** Dataset follows **

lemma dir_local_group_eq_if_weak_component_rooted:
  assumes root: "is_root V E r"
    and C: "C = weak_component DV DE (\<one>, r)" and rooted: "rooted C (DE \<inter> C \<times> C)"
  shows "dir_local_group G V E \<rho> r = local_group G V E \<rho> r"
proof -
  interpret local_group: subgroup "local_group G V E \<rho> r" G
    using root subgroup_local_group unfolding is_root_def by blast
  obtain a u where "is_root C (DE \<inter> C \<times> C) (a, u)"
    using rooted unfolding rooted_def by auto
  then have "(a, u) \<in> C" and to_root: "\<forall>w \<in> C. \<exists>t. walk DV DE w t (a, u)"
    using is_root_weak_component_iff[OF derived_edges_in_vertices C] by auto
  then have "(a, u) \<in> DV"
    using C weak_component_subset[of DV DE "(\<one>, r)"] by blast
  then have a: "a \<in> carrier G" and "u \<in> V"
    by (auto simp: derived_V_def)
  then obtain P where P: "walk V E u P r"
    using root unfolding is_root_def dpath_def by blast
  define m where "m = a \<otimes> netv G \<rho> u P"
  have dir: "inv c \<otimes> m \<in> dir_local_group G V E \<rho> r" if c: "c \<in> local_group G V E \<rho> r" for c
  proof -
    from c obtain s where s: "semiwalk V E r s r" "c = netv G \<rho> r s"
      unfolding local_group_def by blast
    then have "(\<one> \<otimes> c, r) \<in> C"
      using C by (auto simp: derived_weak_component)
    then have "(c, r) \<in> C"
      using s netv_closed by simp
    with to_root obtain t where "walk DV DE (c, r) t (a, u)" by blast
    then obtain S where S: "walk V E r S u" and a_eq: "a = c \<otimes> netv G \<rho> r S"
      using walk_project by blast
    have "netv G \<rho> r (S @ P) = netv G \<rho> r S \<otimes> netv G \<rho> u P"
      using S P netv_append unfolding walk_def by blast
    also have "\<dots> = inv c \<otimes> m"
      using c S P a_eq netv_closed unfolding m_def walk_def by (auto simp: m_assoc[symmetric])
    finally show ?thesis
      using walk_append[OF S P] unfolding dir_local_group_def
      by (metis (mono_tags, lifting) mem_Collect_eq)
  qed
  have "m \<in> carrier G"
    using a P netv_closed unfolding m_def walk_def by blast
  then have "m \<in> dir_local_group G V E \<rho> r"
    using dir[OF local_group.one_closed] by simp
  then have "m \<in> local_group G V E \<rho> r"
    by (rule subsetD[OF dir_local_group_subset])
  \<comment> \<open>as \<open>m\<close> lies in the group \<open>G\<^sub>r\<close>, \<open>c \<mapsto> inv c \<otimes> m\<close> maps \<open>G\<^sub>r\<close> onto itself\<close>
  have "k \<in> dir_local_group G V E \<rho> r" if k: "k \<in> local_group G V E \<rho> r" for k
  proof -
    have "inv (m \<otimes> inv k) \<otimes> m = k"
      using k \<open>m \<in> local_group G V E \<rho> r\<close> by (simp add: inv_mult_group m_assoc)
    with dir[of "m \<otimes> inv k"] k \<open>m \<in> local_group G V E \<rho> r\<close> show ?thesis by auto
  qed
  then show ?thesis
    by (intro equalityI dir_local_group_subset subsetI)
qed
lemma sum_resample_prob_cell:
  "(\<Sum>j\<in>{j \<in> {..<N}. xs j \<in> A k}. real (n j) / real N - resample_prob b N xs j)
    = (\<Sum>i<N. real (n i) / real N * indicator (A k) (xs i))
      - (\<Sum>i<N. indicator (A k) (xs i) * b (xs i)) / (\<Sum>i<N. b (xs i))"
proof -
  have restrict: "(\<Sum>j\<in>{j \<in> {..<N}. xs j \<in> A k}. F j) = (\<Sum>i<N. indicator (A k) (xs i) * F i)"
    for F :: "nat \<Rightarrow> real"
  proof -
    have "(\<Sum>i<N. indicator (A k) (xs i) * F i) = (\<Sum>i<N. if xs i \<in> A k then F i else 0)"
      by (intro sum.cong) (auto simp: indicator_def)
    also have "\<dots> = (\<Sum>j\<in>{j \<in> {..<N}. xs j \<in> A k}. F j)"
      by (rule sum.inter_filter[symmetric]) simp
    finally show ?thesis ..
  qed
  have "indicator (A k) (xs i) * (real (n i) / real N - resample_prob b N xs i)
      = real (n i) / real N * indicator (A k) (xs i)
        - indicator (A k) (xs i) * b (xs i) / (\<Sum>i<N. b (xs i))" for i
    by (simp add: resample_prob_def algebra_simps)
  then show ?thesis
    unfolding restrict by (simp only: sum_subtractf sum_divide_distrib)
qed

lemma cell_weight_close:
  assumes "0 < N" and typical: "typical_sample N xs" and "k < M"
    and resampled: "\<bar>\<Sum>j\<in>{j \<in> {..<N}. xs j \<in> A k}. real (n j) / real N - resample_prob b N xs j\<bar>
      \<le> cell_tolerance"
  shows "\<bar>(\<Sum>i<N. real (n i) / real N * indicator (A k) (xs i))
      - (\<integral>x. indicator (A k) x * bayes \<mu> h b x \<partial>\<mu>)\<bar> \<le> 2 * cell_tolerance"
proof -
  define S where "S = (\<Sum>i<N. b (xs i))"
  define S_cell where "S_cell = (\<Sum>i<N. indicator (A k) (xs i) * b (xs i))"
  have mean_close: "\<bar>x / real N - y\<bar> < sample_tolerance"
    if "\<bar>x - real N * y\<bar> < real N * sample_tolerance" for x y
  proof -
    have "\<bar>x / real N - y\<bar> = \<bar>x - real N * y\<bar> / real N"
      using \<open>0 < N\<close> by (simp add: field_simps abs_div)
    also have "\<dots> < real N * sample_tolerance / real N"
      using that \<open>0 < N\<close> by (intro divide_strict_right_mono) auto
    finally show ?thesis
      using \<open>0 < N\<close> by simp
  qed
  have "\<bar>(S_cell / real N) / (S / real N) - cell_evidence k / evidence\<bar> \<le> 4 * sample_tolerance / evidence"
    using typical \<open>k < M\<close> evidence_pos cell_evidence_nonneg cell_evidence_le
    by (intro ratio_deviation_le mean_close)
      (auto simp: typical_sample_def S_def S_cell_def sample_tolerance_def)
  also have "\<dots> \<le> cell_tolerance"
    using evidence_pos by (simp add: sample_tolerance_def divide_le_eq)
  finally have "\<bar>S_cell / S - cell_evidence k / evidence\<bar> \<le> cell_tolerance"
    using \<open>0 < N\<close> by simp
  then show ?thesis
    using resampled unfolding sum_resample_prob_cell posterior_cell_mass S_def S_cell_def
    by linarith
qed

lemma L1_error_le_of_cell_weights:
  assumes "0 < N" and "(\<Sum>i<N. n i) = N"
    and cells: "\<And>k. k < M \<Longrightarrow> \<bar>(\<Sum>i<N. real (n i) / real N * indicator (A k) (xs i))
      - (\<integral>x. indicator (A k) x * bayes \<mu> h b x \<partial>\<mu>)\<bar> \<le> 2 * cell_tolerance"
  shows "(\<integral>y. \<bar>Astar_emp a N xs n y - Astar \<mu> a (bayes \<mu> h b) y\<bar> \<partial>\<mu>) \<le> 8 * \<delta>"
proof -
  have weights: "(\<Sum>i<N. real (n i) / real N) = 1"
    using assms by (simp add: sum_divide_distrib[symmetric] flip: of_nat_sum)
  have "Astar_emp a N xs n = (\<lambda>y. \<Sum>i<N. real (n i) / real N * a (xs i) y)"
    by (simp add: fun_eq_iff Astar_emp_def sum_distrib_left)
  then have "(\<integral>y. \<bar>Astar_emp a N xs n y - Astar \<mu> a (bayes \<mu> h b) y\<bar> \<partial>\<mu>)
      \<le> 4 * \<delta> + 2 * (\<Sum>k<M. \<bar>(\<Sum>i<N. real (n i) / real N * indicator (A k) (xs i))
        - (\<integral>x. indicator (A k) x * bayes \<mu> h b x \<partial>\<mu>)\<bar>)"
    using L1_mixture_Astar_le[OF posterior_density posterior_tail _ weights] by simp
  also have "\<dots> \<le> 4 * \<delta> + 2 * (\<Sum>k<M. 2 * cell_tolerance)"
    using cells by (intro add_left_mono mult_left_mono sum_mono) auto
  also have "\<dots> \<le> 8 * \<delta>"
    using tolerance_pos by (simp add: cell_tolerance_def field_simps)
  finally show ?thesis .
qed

** End of Dataset **

→ **Your task**
Keeping every character as it is, restate the lines above that run from the line with "unfolding local_group_def by blast" through the line with "with to_root obtain", both included, and nothing else.

→ **Response area**
      unfolding local_group_def by blast
    then have "(\<one> \<otimes> c, r) \<in> C"
      using C by (auto simp: derived_weak_component)
    then have "(c, r) \<in> C"
      using s netv_closed by simp
    with to_root obtain t where "walk DV DE (c, r) t (a, u)" by blast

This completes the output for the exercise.